[Opening Records shown section]

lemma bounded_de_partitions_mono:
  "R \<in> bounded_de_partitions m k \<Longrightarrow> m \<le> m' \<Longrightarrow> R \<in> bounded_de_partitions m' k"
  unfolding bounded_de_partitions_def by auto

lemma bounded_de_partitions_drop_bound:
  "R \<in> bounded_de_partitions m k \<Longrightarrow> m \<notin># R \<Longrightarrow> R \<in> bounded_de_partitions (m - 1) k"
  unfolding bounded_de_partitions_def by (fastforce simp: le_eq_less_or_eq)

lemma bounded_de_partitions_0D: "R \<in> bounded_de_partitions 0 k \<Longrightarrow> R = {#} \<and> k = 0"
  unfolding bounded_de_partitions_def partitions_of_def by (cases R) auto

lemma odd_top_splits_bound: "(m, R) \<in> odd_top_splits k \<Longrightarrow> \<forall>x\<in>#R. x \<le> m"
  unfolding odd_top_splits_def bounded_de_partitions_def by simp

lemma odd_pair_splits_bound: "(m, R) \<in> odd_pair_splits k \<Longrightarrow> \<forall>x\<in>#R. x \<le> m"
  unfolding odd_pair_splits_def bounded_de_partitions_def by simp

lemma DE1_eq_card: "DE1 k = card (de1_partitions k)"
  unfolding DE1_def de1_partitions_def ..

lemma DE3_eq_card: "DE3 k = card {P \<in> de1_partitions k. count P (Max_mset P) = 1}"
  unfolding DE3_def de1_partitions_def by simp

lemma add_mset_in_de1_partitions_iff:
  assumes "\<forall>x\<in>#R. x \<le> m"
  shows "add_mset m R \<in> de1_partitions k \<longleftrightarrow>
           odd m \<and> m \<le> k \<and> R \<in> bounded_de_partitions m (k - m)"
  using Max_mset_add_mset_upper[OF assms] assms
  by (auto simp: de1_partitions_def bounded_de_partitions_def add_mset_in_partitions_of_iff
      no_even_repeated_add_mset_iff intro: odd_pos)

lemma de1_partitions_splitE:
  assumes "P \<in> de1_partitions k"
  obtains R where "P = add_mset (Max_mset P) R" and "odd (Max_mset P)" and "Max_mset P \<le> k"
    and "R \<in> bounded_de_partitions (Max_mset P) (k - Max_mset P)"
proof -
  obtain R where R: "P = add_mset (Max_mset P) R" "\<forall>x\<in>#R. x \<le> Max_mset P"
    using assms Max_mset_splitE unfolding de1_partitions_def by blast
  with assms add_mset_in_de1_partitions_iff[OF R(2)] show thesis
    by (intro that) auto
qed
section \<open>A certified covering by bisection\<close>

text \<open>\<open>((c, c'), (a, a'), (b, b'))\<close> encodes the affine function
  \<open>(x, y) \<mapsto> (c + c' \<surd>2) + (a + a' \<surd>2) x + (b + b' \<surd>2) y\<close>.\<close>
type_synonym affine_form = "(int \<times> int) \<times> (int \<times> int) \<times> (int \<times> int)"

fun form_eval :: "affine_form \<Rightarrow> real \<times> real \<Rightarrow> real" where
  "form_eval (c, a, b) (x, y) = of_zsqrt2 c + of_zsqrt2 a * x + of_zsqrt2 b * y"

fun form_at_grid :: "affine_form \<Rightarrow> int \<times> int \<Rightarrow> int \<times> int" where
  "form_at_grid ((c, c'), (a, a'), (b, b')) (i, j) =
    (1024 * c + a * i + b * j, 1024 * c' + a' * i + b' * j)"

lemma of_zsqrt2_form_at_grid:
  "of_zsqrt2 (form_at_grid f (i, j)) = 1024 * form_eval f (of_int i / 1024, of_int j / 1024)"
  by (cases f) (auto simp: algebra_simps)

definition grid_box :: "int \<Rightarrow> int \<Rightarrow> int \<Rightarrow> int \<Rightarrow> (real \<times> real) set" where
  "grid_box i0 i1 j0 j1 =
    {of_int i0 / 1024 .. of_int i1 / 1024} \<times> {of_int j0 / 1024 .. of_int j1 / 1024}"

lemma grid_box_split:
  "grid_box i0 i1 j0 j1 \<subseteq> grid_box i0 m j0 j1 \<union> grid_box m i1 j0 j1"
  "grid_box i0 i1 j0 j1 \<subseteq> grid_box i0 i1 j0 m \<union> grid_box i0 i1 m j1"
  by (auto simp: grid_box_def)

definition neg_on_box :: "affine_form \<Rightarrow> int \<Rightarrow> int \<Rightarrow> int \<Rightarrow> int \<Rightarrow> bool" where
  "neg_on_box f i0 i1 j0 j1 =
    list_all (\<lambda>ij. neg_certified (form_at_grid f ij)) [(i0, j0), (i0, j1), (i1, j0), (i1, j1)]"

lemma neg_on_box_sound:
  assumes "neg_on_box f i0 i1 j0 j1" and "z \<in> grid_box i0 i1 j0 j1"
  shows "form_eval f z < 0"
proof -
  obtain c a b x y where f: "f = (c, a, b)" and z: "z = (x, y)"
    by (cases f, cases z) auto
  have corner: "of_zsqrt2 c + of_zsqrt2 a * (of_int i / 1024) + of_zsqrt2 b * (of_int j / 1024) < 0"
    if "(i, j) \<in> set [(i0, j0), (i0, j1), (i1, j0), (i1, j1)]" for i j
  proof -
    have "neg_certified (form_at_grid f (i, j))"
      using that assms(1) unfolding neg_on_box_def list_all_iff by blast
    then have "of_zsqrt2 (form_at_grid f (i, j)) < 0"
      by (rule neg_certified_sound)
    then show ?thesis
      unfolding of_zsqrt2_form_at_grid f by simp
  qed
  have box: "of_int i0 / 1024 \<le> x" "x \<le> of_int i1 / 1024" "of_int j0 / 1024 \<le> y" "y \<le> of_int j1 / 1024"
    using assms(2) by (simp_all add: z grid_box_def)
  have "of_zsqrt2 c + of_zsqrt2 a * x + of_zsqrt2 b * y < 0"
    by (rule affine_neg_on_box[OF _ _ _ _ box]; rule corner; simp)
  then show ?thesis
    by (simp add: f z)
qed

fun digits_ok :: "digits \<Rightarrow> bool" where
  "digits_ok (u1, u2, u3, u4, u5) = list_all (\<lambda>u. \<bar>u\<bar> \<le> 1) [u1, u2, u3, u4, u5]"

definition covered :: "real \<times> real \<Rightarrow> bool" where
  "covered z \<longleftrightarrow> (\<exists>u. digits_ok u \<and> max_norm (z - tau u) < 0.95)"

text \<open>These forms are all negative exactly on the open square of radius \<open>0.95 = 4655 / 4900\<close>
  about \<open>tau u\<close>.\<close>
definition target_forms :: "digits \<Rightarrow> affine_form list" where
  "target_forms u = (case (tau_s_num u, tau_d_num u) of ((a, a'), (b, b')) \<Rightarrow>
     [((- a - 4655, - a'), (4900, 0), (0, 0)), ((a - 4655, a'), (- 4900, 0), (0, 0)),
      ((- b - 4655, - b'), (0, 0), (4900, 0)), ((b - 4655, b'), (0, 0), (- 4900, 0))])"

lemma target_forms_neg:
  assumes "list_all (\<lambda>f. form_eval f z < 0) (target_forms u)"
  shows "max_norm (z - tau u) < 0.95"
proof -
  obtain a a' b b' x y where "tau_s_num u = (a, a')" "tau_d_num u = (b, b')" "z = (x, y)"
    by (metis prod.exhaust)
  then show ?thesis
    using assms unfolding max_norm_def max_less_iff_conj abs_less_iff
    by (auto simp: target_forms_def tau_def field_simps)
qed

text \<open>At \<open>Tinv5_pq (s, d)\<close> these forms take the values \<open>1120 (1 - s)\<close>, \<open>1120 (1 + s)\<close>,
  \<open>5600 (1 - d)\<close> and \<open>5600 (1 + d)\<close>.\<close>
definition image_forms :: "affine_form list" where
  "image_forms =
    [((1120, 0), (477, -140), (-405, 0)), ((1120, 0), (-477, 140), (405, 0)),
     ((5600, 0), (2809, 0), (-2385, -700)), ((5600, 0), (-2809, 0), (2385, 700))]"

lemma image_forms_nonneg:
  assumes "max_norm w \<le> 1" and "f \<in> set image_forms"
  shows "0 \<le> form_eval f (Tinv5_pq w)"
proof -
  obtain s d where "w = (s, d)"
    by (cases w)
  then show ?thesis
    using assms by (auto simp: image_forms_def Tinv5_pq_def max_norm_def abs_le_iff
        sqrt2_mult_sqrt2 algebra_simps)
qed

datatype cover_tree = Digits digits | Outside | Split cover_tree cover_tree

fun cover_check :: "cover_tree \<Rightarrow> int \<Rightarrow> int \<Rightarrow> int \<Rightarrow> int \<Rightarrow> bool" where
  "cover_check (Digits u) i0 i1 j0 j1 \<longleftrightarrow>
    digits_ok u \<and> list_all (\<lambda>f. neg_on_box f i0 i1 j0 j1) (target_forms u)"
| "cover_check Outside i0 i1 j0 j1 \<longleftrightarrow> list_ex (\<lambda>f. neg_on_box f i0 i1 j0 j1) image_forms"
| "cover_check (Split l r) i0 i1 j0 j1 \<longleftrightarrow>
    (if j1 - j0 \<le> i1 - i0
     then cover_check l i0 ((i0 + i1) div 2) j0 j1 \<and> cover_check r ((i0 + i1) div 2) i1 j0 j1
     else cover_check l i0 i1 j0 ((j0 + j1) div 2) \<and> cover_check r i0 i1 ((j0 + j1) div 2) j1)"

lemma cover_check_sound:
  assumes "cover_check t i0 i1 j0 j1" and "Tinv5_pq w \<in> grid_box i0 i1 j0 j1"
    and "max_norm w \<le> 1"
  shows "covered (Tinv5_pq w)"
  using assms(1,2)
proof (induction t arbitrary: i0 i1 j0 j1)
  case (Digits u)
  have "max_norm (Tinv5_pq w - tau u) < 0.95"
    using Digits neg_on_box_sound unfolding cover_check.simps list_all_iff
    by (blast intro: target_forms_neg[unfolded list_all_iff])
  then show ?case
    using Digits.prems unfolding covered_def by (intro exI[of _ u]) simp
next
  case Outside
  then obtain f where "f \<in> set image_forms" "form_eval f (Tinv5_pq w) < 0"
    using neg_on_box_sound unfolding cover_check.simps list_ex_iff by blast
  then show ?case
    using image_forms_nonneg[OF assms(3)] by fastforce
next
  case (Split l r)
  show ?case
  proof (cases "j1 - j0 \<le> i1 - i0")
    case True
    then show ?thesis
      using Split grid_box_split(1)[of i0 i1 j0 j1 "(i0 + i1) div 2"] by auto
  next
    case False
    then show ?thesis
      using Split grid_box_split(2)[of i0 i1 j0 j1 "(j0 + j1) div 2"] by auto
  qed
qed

[Closing Records shown section]

Exercise aim:
Tally the lines above in which the string "union" occurs, and give the total with nothing added.

Problem solution:
2